Given data:
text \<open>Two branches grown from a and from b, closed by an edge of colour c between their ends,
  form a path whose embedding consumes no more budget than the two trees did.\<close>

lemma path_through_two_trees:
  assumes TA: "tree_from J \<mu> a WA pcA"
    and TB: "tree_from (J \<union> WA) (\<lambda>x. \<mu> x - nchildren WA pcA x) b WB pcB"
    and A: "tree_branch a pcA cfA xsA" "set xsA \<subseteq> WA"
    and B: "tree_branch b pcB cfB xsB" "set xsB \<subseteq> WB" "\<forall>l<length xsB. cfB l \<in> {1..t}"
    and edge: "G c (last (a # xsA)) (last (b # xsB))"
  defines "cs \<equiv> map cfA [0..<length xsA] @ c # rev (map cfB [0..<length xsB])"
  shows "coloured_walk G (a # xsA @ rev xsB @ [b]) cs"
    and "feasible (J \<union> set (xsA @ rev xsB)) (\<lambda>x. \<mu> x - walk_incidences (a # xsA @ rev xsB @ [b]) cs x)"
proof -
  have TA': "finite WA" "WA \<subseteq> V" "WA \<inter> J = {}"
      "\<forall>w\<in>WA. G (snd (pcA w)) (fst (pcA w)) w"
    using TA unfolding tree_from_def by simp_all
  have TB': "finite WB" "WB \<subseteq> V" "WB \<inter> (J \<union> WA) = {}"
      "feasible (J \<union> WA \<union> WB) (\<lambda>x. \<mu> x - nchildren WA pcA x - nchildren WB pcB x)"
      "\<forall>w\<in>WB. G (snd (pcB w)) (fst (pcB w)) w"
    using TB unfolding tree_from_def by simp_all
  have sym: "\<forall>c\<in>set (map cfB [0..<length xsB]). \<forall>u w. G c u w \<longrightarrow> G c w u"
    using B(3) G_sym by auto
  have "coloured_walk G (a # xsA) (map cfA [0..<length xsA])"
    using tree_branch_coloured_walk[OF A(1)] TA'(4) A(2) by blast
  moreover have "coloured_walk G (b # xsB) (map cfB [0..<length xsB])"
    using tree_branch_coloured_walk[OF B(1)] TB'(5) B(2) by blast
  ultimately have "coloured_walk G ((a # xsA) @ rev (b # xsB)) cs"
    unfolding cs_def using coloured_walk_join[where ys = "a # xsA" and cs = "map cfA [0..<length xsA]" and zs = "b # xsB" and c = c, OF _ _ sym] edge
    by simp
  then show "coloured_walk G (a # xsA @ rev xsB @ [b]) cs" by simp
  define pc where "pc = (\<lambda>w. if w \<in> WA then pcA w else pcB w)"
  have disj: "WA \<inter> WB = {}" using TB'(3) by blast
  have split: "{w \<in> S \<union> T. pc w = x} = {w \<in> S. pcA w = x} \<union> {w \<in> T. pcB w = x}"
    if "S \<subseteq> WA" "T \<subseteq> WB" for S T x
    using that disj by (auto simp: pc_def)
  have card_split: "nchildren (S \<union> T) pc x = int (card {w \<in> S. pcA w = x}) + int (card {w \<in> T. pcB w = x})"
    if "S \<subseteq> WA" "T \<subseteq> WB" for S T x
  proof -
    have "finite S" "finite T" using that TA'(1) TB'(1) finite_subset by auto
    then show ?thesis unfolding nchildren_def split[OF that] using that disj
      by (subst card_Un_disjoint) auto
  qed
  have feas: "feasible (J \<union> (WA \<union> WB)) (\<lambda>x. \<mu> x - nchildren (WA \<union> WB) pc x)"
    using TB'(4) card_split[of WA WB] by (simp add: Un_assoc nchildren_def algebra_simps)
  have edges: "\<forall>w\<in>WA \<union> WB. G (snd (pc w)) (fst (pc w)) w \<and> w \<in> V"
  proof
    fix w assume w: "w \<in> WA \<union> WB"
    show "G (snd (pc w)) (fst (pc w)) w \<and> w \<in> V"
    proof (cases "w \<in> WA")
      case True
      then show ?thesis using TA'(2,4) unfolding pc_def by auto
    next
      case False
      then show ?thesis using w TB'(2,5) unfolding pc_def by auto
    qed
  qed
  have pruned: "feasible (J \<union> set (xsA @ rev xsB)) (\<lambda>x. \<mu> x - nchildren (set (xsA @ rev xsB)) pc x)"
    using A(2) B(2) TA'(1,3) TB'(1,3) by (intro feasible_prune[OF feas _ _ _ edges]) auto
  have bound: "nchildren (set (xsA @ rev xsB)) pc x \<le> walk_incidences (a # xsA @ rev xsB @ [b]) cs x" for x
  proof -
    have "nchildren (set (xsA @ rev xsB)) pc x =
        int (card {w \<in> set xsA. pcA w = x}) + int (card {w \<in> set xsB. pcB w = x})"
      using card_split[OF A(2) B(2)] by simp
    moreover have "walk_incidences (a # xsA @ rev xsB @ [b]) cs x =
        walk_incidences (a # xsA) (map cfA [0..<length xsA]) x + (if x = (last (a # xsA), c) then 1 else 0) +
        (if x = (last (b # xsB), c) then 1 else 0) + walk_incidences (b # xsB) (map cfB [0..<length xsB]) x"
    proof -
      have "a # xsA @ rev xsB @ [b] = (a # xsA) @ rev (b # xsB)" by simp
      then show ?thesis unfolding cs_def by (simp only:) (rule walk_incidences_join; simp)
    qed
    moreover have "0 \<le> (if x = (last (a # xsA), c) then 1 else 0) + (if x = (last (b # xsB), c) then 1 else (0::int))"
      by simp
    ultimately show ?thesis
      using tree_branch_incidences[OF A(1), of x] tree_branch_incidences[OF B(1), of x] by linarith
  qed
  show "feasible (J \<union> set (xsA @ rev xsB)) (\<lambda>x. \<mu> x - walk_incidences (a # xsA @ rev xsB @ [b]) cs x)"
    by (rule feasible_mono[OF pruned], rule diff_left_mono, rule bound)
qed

Exercise directions:
From the material above, copy exactly the lines between the line holding "unfolding cs_def using" and the line holding "(S \<union> T)", inclusive, and only those.

Reply:
    unfolding cs_def using coloured_walk_join[where ys = "a # xsA" and cs = "map cfA [0..<length xsA]" and zs = "b # xsB" and c = c, OF _ _ sym] edge
    by simp
  then show "coloured_walk G (a # xsA @ rev xsB @ [b]) cs" by simp
  define pc where "pc = (\<lambda>w. if w \<in> WA then pcA w else pcB w)"
  have disj: "WA \<inter> WB = {}" using TB'(3) by blast
  have split: "{w \<in> S \<union> T. pc w = x} = {w \<in> S. pcA w = x} \<union> {w \<in> T. pcB w = x}"
    if "S \<subseteq> WA" "T \<subseteq> WB" for S T x
    using that disj by (auto simp: pc_def)
  have card_split: "nchildren (S \<union> T) pc x = int (card {w \<in> S. pcA w = x}) + int (card {w \<in> T. pcB w = x})"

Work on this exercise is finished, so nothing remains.